Collected data entries:
lemma one_minus_mult_injective:
  fixes M Phi :: "real mat"
  assumes M: "M \<in> carrier_mat k k" and P: "Phi \<in> carrier_mat k k" and psd: "psd_mat Phi"
    and bound: "psd_mat (phi \<cdot>\<^sub>m 1\<^sub>m k - Phi)" and phi: "0 \<le> phi" and small: "4 * phi^2 * frob_sq M \<le> 1"
    and v: "v \<in> carrier_vec k" and Tv: "(1\<^sub>m k - Phi * M) *\<^sub>v v = 0\<^sub>v k"
  shows "v = 0\<^sub>v k"
proof -
  have Mv: "M *\<^sub>v v \<in> carrier_vec k" using M v by auto
  have "v - Phi *\<^sub>v (M *\<^sub>v v) = 0\<^sub>v k" using Tv one_minus_mult_mult_vec[OF M P v] by simp
  then have "v = Phi *\<^sub>v (M *\<^sub>v v)" using vec_diff_eq_iff[OF v _ zero_carrier_vec] P Mv by auto
  then have "v \<bullet> v \<le> phi * phi * ((M *\<^sub>v v) \<bullet> (M *\<^sub>v v))"
    using psd_mult_vec_sq_le_if_psd_diff[OF P psd bound phi Mv] by simp
  also have "\<dots> \<le> phi * phi * (frob_sq M * (v \<bullet> v))"
    by (rule mult_left_mono[OF mult_mat_vec_sq_le_frob_sq]) (use M v in auto)
  also have "\<dots> \<le> (1/4) * (v \<bullet> v)"
    using mult_right_mono[OF small scalar_prod_self_nonneg[of v]] by (simp add: power2_eq_square)
  finally show ?thesis using scalar_prod_self_nonneg[of v] scalar_prod_self_eq_0_iff[OF v] by linarith
qed

lemma one_minus_mult_intertwines:
  fixes M Phi :: "real mat"
  assumes M: "M \<in> carrier_mat k k" and P: "Phi \<in> carrier_mat k k"
    and M_sym: "transpose_mat M = M" and P_sym: "transpose_mat Phi = Phi"
  shows "(1\<^sub>m k - Phi * M) * Phi = Phi * transpose_mat (1\<^sub>m k - Phi * M)"
proof -
  have PM: "Phi * M \<in> carrier_mat k k" and MP: "M * Phi \<in> carrier_mat k k" using P M by auto
  have "transpose_mat (1\<^sub>m k - Phi * M) = 1\<^sub>m k - M * Phi"
    using transpose_minus[OF one_carrier_mat PM] transpose_mult[OF P M] M_sym P_sym by simp
  moreover have "(1\<^sub>m k - Phi * M) * Phi = Phi - Phi * (M * Phi)"
    using minus_mult_distrib_mat[OF one_carrier_mat PM P] P M by (simp add: assoc_mult_mat[OF P M P])
  moreover have "Phi * (1\<^sub>m k - M * Phi) = Phi - Phi * (M * Phi)"
    using mult_minus_distrib_mat[OF P one_carrier_mat MP] P by simp
  ultimately show ?thesis by simp
qed

lemma transpose_inv_mat_mult:
  fixes T Phi :: "real mat"
  assumes T: "T \<in> carrier_mat k k" and P: "Phi \<in> carrier_mat k k"
    and inj: "\<And>v. v \<in> carrier_vec k \<Longrightarrow> T *\<^sub>v v = 0\<^sub>v k \<Longrightarrow> v = 0\<^sub>v k"
    and P_sym: "transpose_mat Phi = Phi" and comm: "T * Phi = Phi * transpose_mat T"
  shows "transpose_mat (inv_mat T * Phi) = inv_mat T * Phi"
proof -
  note I = inv_mat_if_injective[OF T inj]
  let ?Ti = "inv_mat T"
  have TT: "transpose_mat T * transpose_mat ?Ti = 1\<^sub>m k" using transpose_mult[OF I(1) T] I(3) by simp
  have Ti: "?Ti \<in> carrier_mat k k" and TiT: "transpose_mat ?Ti \<in> carrier_mat k k" using I by auto
  have "?Ti * Phi = (?Ti * Phi) * (transpose_mat T * transpose_mat ?Ti)" using TT Ti P by simp
  also have "\<dots> = ?Ti * ((Phi * transpose_mat T) * transpose_mat ?Ti)"
    using Ti TiT T P by (simp add: assoc_mult_mat[of _ k k _ k _ k])
  also have "\<dots> = (?Ti * T) * (Phi * transpose_mat ?Ti)"
    unfolding comm[symmetric] using Ti TiT T P by (simp add: assoc_mult_mat[of _ k k _ k _ k])
  also have "\<dots> = Phi * transpose_mat ?Ti" using I P TiT by simp
  finally show ?thesis using transpose_mult[OF I(1) P] P_sym by simp
qed

lemma quad_form_resolvent_le:
  fixes M Phi :: "real mat"
  assumes M: "M \<in> carrier_mat k k" and M_psd: "psd_mat M" and P: "Phi \<in> carrier_mat k k"
    and psd: "psd_mat Phi" and bound: "psd_mat (phi \<cdot>\<^sub>m 1\<^sub>m k - Phi)" and phi: "0 \<le> phi"
    and small: "4 * phi^2 * frob_sq M \<le> 1" and y: "y \<in> carrier_vec k"
  shows "y \<bullet> ((inv_mat (1\<^sub>m k - Phi * M) * Phi) *\<^sub>v y) \<le> 4 * phi * (y \<bullet> y)"
proof -
  let ?T = "1\<^sub>m k - Phi * M"
  have T: "?T \<in> carrier_mat k k" using P M by auto
  note I = inv_mat_if_injective[OF T one_minus_mult_injective[OF M P psd bound phi small]]
  \<comment> \<open>With \<open>w = y + Mz\<close> one has \<open>z = \<Phi>w\<close>, hence \<open>y\<bullet>z \<le> w\<bullet>\<Phi>w \<le> \<phi>|w|\<^sup>2\<close> and \<open>|w|\<^sup>2 \<le> 4|y|\<^sup>2\<close>.\<close>
  define z where "z = inv_mat ?T *\<^sub>v (Phi *\<^sub>v y)"
  define w where "w = y + M *\<^sub>v z"
  have Py: "Phi *\<^sub>v y \<in> carrier_vec k" using P y by auto
  have z: "z \<in> carrier_vec k" unfolding z_def using I(1) Py by auto
  have Mz: "M *\<^sub>v z \<in> carrier_vec k" and PMz: "Phi *\<^sub>v (M *\<^sub>v z) \<in> carrier_vec k"
    using M P z by auto
  have w: "w \<in> carrier_vec k" unfolding w_def using y Mz by auto
  have "?T *\<^sub>v z = (?T * inv_mat ?T) *\<^sub>v (Phi *\<^sub>v y)"
    unfolding z_def by (rule assoc_mult_mat_vec[OF T I(1) Py, symmetric])
  then have "z - Phi *\<^sub>v (M *\<^sub>v z) = Phi *\<^sub>v y"
    using one_minus_mult_mult_vec[OF M P z] I(2) Py by simp
  then have "z = Phi *\<^sub>v y + Phi *\<^sub>v (M *\<^sub>v z)" using vec_diff_eq_iff[OF z PMz Py] by blast
  then have zw: "z = Phi *\<^sub>v w" unfolding w_def by (simp add: mult_add_distrib_mat_vec[OF P y Mz])
  have "w \<bullet> z = y \<bullet> z + (M *\<^sub>v z) \<bullet> z" unfolding w_def by (rule add_scalar_prod_distrib[OF y Mz z])
  moreover have "0 \<le> (M *\<^sub>v z) \<bullet> z"
    using M_psd z comm_scalar_prod[OF Mz z] unfolding psd_mat_carrier_iff[OF M] by simp
  moreover have "w \<bullet> z \<le> phi * (w \<bullet> w)" using quad_form_le_if_psd_diff[OF P bound w] zw by simp
  ultimately have yz: "y \<bullet> z \<le> phi * (w \<bullet> w)" by linarith
  have "w \<bullet> w \<le> 2 * (y \<bullet> y) + 2 * ((M *\<^sub>v z) \<bullet> (M *\<^sub>v z))"
    unfolding w_def by (rule scalar_prod_add_self_le[OF y Mz])
  also have "(M *\<^sub>v z) \<bullet> (M *\<^sub>v z) \<le> frob_sq M * (z \<bullet> z)"
    by (rule mult_mat_vec_sq_le_frob_sq) (use M z in auto)
  also have "z \<bullet> z \<le> phi * phi * (w \<bullet> w)"
    using psd_mult_vec_sq_le_if_psd_diff[OF P psd bound phi w] zw by simp
  finally have "w \<bullet> w \<le> 2 * (y \<bullet> y) + 2 * (frob_sq M * (phi * phi * (w \<bullet> w)))"
    using frob_sq_nonneg[of M] by (simp add: mult_left_mono)
  moreover have "4 * (frob_sq M * (phi * phi * (w \<bullet> w))) \<le> w \<bullet> w"
    using mult_right_mono[OF small scalar_prod_self_nonneg[of w]] by (simp add: power2_eq_square mult_ac)
  ultimately have "w \<bullet> w \<le> 4 * (y \<bullet> y)" by linarith
  then have "phi * (w \<bullet> w) \<le> phi * (4 * (y \<bullet> y))" using phi by (rule mult_left_mono)
  moreover have "(inv_mat ?T * Phi) *\<^sub>v y = z" unfolding z_def by (rule assoc_mult_mat_vec[OF I(1) P y])
  ultimately show ?thesis using yz by simp
qed

section \<open>Matrix powers, rank and block matrices\<close>

lemma pow_mat_Suc_left:
  fixes A :: "real mat"
  assumes A: "A \<in> carrier_mat n n"
  shows "A ^\<^sub>m Suc k = A * A ^\<^sub>m k"
proof (induct k)
  case (Suc k)
  have "A ^\<^sub>m Suc (Suc k) = (A * A ^\<^sub>m k) * A" using Suc by simp
  also have "\<dots> = A * (A ^\<^sub>m k * A)" using A by (simp add: assoc_mult_mat[of _ n n _ n _ n])
  finally show ?case by simp
qed (use A in simp)

lemma transpose_pow_mat:
  fixes A :: "real mat"
  assumes A: "A \<in> carrier_mat n n"
  shows "transpose_mat (A ^\<^sub>m k) = transpose_mat A ^\<^sub>m k"
proof (induct k)
  case (Suc k)
  have "transpose_mat (A ^\<^sub>m Suc k) = transpose_mat A * transpose_mat (A ^\<^sub>m k)"
    using A by (simp add: transpose_mult[of _ n n _ n])
  also have "\<dots> = transpose_mat A ^\<^sub>m Suc k" using Suc pow_mat_Suc_left[of "transpose_mat A" n k] A by simp
  finally show ?case .
qed (use A in simp)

» What you will do: Please list every line of the records that contains "define".

» Response:
  define z where "z = inv_mat ?T *\<^sub>v (Phi *\<^sub>v y)"
  define w where "w = y + M *\<^sub>v z"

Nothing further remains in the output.